I did it and it still does that, and I am also unable to dowland llama_cpp on those set CMAKE_ARGS=-DLLAMA_CUBLAS=on

KoljaB · 2024-02-27T07:46:14Z

What's the result of print(torch.cuda.is_available())? Both torch and llama.cpp have to run with CUDA (GPU supported) to achieve realtime speed.
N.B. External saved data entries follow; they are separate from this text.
section \<open>Weyl group representatives as signed permutation matrices\<close>

text \<open>Each \<open>sdot m i\<close>, hence each \<open>wdot m ws\<close>, is a signed permutation matrix. The row \<open>j\<close> of
  \<open>wdot m ws\<close> has its only nonzero entry \<open>s\<close> in column \<open>k\<close>, where \<open>(k, s) = track m ws (j, 1)\<close>.\<close>

definition track_step :: "nat \<Rightarrow> nat \<Rightarrow> nat \<times> complex \<Rightarrow> nat \<times> complex" where
  "track_step m i x = (swap_adjacent (gen_rows m i) (fst x), snd x * swap_sign (gen_rows m i) (fst x))"

definition track :: "nat \<Rightarrow> nat list \<Rightarrow> nat \<times> complex \<Rightarrow> nat \<times> complex" where
  "track m ws = fold (track_step m) ws"

lemma track_Nil [simp]: "track m [] x = x"
  by (simp add: track_def)

lemma track_Cons [simp]: "track m (i # ws) x = track m ws (track_step m i x)"
  by (simp add: track_def)

lemma track_append: "track m (xs @ ys) x = track m ys (track m xs x)"
  by (simp add: track_def)

lemma track_concat_replicate: "track m (concat (replicate k ws)) x = (track m ws ^^ k) x"
  by (induction k arbitrary: x) (simp_all add: track_append funpow_Suc_right del: funpow.simps)

lemma track_scale: "track m ws (j, s) = (fst (track m ws (j, 1)), s * snd (track m ws (j, 1)))"
proof (induction ws arbitrary: j s)
  case (Cons i ws)
  let ?j' = "swap_adjacent (gen_rows m i) j" and ?s' = "swap_sign (gen_rows m i) j"
  have "track m (i # ws) (j, s) = (fst (track m ws (?j', 1)), s * ?s' * snd (track m ws (?j', 1)))"
    using Cons[of ?j' "s * ?s'"] by (simp add: track_step_def)
  moreover have "track m (i # ws) (j, 1) = (fst (track m ws (?j', 1)), ?s' * snd (track m ws (?j', 1)))"
    using Cons[of ?j' ?s'] by (simp add: track_step_def)
  ultimately show ?case by simp
qed simp

lemma swap_sign_of_fixed: "swap_adjacent P j = j \<Longrightarrow> swap_sign P j = 1"
  by (auto simp: swap_adjacent_def swap_sign_def split: if_splits)

lemma track_fixed:
  "(\<forall>i\<in>set ws. swap_adjacent (gen_rows m i) j = j) \<Longrightarrow> track m ws (j, s) = (j, s)"
  by (induction ws) (simp_all add: track_step_def swap_sign_of_fixed)

definition valid_word :: "nat \<Rightarrow> nat list \<Rightarrow> bool" where
  "valid_word m ws \<longleftrightarrow> (\<forall>i\<in>set ws. 1 \<le> i \<and> i \<le> m)"

lemma valid_word_wP: "valid_word m (wP_word m)"
  by (auto simp: valid_word_def wP_word_def)

lemma valid_word_w0: "valid_word m (w0_word m)"
  by (auto simp: valid_word_def w0_word_def)

lemma wdot_Cons: "wdot m (i # ws) = sdot m i * wdot m ws"
  by (simp add: wdot_def)

lemma wdot_carrier:
  assumes "2 \<le> m" "valid_word m ws"
  shows "wdot m ws \<in> carrier_mat (2*m) (2*m)"
  using assms(2)
proof (induction ws)
  case Nil then show ?case by (simp add: wdot_def)
next
  case (Cons i ws) then show ?case
    using sdot_carrier[OF assms(1)] by (auto simp: wdot_Cons valid_word_def intro!: mult_carrier_mat)
qed

lemma index_wdot:
  assumes "2 \<le> m" "valid_word m ws" "j < 2*m" "c < 2*m"
  shows "wdot m ws $$ (j, c) = (if c = fst (track m ws (j, 1)) then snd (track m ws (j, 1)) else 0)"
  using assms(2,3)
proof (induction ws arbitrary: j)
  case Nil then show ?case using assms(4) by (simp add: wdot_def)
next
  case (Cons i ws)
  let ?P = "gen_rows m i"
  have i: "1 \<le> i" "i \<le> m" and ws: "valid_word m ws" using Cons.prems by (auto simp: valid_word_def)
  have j': "swap_adjacent ?P j < 2*m" using swap_adjacent_less gen_rows_disjoint[OF assms(1) i] Cons.prems by blast
  have "wdot m (i # ws) $$ (j, c) = swap_sign ?P j * wdot m ws $$ (swap_adjacent ?P j, c)"
    unfolding wdot_Cons
    by (rule index_mult_single_row[OF sdot_carrier[OF assms(1) i] wdot_carrier[OF assms(1) ws] Cons.prems(2) assms(4) j'])
      (use index_sdot[OF assms(1) i Cons.prems(2)] in simp)
  also have "\<dots> = (if c = fst (track m (i # ws) (j, 1)) then snd (track m (i # ws) (j, 1)) else 0)"
    using Cons.IH[OF ws j'] track_scale[of m ws "swap_adjacent ?P j" "swap_sign ?P j"]
    by (simp add: track_step_def)
  finally show ?case .
qed

lemma wPdot_carrier: "2 \<le> m \<Longrightarrow> wPdot m \<in> carrier_mat (2*m) (2*m)"
  unfolding wPdot_def by (rule wdot_carrier[OF _ valid_word_wP])

lemma w0dot_carrier: "2 \<le> m \<Longrightarrow> w0dot m \<in> carrier_mat (2*m) (2*m)"
  unfolding w0dot_def by (rule wdot_carrier[OF _ valid_word_w0])

lemma track_injective:
  assumes "2 \<le> m" "valid_word m ws" "j < 2*m" "j' < 2*m"
    and "fst (track m ws (j, 1)) = fst (track m ws (j', 1))"
  shows "j = j'"
  using assms(2-5)
proof (induction ws arbitrary: j j')
  case (Cons i ws)
  have i: "1 \<le> i" "i \<le> m" and ws: "valid_word m ws" using Cons.prems by (auto simp: valid_word_def)
  note P = gen_rows_disjoint[OF assms(1) i]
  have "fst (track m ws (swap_adjacent (gen_rows m i) j, 1)) = fst (track m ws (swap_adjacent (gen_rows m i) j', 1))"
    using Cons.prems(4) track_scale[of m ws _ "swap_sign (gen_rows m i) j"]
      track_scale[of m ws _ "swap_sign (gen_rows m i) j'"]
    by (simp add: track_step_def)
  then have "swap_adjacent (gen_rows m i) j = swap_adjacent (gen_rows m i) j'"
    using Cons.IH[OF ws] swap_adjacent_less[OF P] Cons.prems(2,3) by blast
  then show ?case using swap_adjacent_involution[OF P] Cons.prems(2,3) by metis
qed simp

lemma track_sign_nonzero: "snd (track m ws (j, 1)) \<noteq> 0"
proof (induction ws arbitrary: j)
  case (Cons i ws)
  then show ?case
    using track_scale[of m ws "swap_adjacent (gen_rows m i) j" "swap_sign (gen_rows m i) j"]
    by (simp add: track_step_def swap_sign_def)
qed simp

lemma upt_Cons_Suc: "a \<le> m \<Longrightarrow> [a..<m + 1] = a # [a + 1..<m + 1]"
  by (simp add: upt_conv_Cons)

lemma upt_split: "i \<le> j \<Longrightarrow> j \<le> k \<Longrightarrow> [i..<k] = [i..<j] @ [j..<k]"
  using upt_add_eq_append[of i j "k - j"] by simp

lemma upt_single [simp]: "[m..<Suc m] = [m]"
  by (simp add: upt_conv_Cons)

lemma track_segment_below:
  assumes "2 \<le> m" "1 \<le> a" "a \<le> m"
  shows "track m [a..<m + 1] (a - 1, s) = (m, s)"
  using assms(3,2)
proof (induction a rule: inc_induct)
  case base
  have "track_step m m (m - 1, s) = (m, s)"
    using assms(1) by (simp add: track_step_def swap_adjacent_def swap_sign_def gen_rows_def)
  then show ?case by simp
next
  case (step a)
  have "track_step m a (a - 1, s) = (a, s)"
    using step assms(1) by (auto simp: track_step_def swap_adjacent_def swap_sign_def gen_rows_def)
  then show ?case using step upt_Cons_Suc[of a m] by simp
qed

lemma track_segment_descend:
  assumes "2 \<le> m" "1 \<le> a" "a \<le> j" "j \<le> m - 1"
  shows "track m [a..<m + 1] (j, s) = (j - 1, - s)"
proof -
  have split: "[a..<m + 1] = [a..<j] @ j # [j + 1..<m + 1]"
    using assms upt_split[of a j "m + 1"] upt_Cons_Suc[of j m] by simp
  have before: "track m [a..<j] (j, s) = (j, s)"
  proof (rule track_fixed, intro ballI)
    fix i assume "i \<in> set [a..<j]"
    then have "a \<le> i" "i < j" by auto
    moreover have "j \<noteq> 2*m - 1 - i" "j - 1 \<noteq> 2*m - 1 - i" using calculation assms by auto
    ultimately show "swap_adjacent (gen_rows m i) j = j"
      using assms by (auto simp: swap_adjacent_def gen_rows_def)
  qed
  have "j \<noteq> m" "j \<noteq> 2*m - 1 - j" using assms by presburger+
  then have at: "track_step m j (j, s) = (j - 1, - s)"
    using assms by (auto simp: track_step_def swap_adjacent_def swap_sign_def gen_rows_def)
  have after: "track m [j + 1..<m + 1] (j - 1, - s) = (j - 1, - s)"
    by (rule track_fixed) (use assms in \<open>auto simp: swap_adjacent_def gen_rows_def\<close>)
  show ?thesis unfolding split track_append using before at after by simp
qed
(* Let $f(z)=z+\sum_{n=2}^{\infty}a_nz^n\in\mathcal{S}^{*}_{\rho}$ and set $$\Omega_2:=(a_4a_6-a_5^2)-a_2(a_3a_6-a_4a_5)+a_3(a_3a_5-a_4^2).$$ Then $$|\Omega_2|\le \frac{1136896+716800\sqrt{3/157}+81920\sqrt{3/67}+212736\sqrt{2/35}+74240\sqrt{21/307}+10240\sqrt{6/23}}{3686400}\approx 0.360465 .$$
   Context: Let $\mathbb{D}=\{z\in\mathbb{C}:|z|<1\}$. For analytic $g_1,g_2$ on $\mathbb{D}$, $g_1\prec g_2$ means there is an analytic $w:\mathbb{D}\to\mathbb{D}$ with $w(0)=0$ such that $g_1=g_2\circ w$. Here $\sinh^{-1}$ denotes the principal branch of the inverse hyperbolic sine with $\sinh^{-1}(0)=0$, analytic on $\mathbb{D}$. The class $\mathcal{S}^{*}_{\rho}$ consists of all univalent analytic functions $f$ on $\mathbb{D}$ with $f(z)=z+\sum_{n\ge2}a_nz^n$ such that $\frac{zf'(z)}{f(z)}\prec 1+\sinh^{-1}(z)$. *)

theory Defs
  imports "HOL-Complex_Analysis.Complex_Analysis"
begin

definition subordinate :: "(complex \<Rightarrow> complex) \<Rightarrow> (complex \<Rightarrow> complex) \<Rightarrow> bool" where
  "subordinate g1 g2 \<longleftrightarrow>
     (\<exists>w. w holomorphic_on ball 0 1 \<and> w ` ball 0 1 \<subseteq> ball 0 1 \<and> w 0 = 0 \<and>
          (\<forall>z\<in>ball 0 1. g1 z = g2 (w z)))"

definition taylor_coeff :: "(complex \<Rightarrow> complex) \<Rightarrow> nat \<Rightarrow> complex" where
  "taylor_coeff f n = (deriv ^^ n) f 0 / of_nat (fact n)"

text \<open>The class S*_rho: normalized univalent analytic f on D with z f'/f \<prec> 1 + arsinh z.
  At z = 0 the quotient z f'(z)/f(z) is understood by its removable value 1.\<close>
definition S_star_rho :: "(complex \<Rightarrow> complex) set" where
  "S_star_rho = {f. f holomorphic_on ball 0 1 \<and> inj_on f (ball 0 1) \<and>
      f 0 = 0 \<and> deriv f 0 = 1 \<and>
      subordinate (\<lambda>z. if z = 0 then 1 else z * deriv f z / f z) (\<lambda>z. 1 + arsinh z)}"

end

theory Submission
  imports Defs
begin

text \<open>Writing \<open>z f'(z)/f(z) = 1 + q(z)\<close> with \<open>q = arsinh \<circ> w\<close> for a Schwarz function \<open>w\<close>,
  comparison of Taylor coefficients expresses \<open>a\<^sub>2, \<dots>, a\<^sub>6\<close> as polynomials in the
  coefficients \<open>c\<^sub>1, \<dots>, c\<^sub>5\<close> of \<open>w\<close>, and \<open>\<Omega>\<^sub>2\<close> becomes a polynomial of degree 8 in them.
  The triangle inequality together with \<open>|c\<^sub>n| \<le> 1\<close> and \<open>|c\<^sub>2| \<le> 1 - |c\<^sub>1|\<^sup>2\<close> reduces the estimate
  to a polynomial inequality in \<open>|c\<^sub>1|\<close> alone, which yields the bound \<open>1/3\<close>; this is below the
  stated constant.\<close>

lemma sinh_arsinh_complex: "sinh (arsinh (x::complex)) = x"
proof -
  define y where "y = x^2 + 1"
  define S where "S = y powr (of_real (1/2))"
  have S2: "S^2 = y"
  proof (cases "y = 0")
    case True then show ?thesis by (simp add: S_def)
  next
    case False
    have "S^2 = exp ((1/2) * ln y) * exp ((1/2) * ln y)"
      using False by (simp add: S_def powr_def power2_eq_square)
    also have "\<dots> = exp (ln y)" by (simp flip: exp_add)
    also have "\<dots> = y" using False by simp
    finally show ?thesis .
  qed
  have nz: "x + S \<noteq> 0"
  proof
    assume "x + S = 0"
    then have "S^2 = x^2" by (simp add: add_eq_0_iff2)
    with S2 show False by (simp add: y_def)
  qed
  have exp_arsinh: "exp (arsinh x) = x + S"
    using nz by (simp add: arsinh_def S_def y_def)
  have "inverse (x + S) = S - x"
    using nz S2 by (simp add: field_simps y_def power2_eq_square)
  then show ?thesis
    by (simp add: sinh_def exp_minus scaleR_conv_of_real exp_arsinh)
qed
The above installation way for llama.cpp works for on my Windows 10 system, if it fails on yours I'm not sure how I can offer further support. llama.cpp not my library and it can be a complex issue.

KoljaB · 2024-09-24T13:58:52Z

Hello Tom,

could you please try (on python 3.1 - I used 3.10.9):

pip install torch==2.1.2+cu121 torchaudio==2.1.2 --index-url https://download.pytorch.org/whl/cu121
pip install https://github.com/daswer123/deepspeed-windows-wheels/releases/download/11.2/deepspeed-0.11.2+cuda121-cp310-cp310-win_amd64.whl
pip install https://github.com/oobabooga/flash-attention/releases/download/v2.5.6/flash_attn-2.5.6+cu122torch2.1.2cxx11abiFALSE-cp310-cp310-win_amd64.whl
pip install transformers==4.38.2

And then try these wheels for llama.cpp:

# llama-cpp-python (CPU only, AVX2)
https://github.com/oobabooga/llama-cpp-python-cuBLAS-wheels/releases/download/cpu/llama_cpp_python-0.2.89+cpuavx2-cp311-cp311-linux_x86_64.whl; platform_system == "Linux" and platform_machine == "x86_64" and python_version == "3.11"
https://github.com/oobabooga/llama-cpp-python-cuBLAS-wheels/releases/download/cpu/llama_cpp_python-0.2.89+cpuavx2-cp310-cp310-linux_x86_64.whl; platform_system == "Linux" and platform_machine == "x86_64" and python_version == "3.10"
https://github.com/oobabooga/llama-cpp-python-cuBLAS-wheels/releases/download/cpu/llama_cpp_python-0.2.89+cpuavx2-cp311-cp311-win_amd64.whl; platform_system == "Windows" and python_version == "3.11"
https://github.com/oobabooga/llama-cpp-python-cuBLAS-wheels/releases/download/cpu/llama_cpp_python-0.2.89+cpuavx2-cp310-cp310-win_amd64.whl; platform_system == "Windows" and python_version == "3.10"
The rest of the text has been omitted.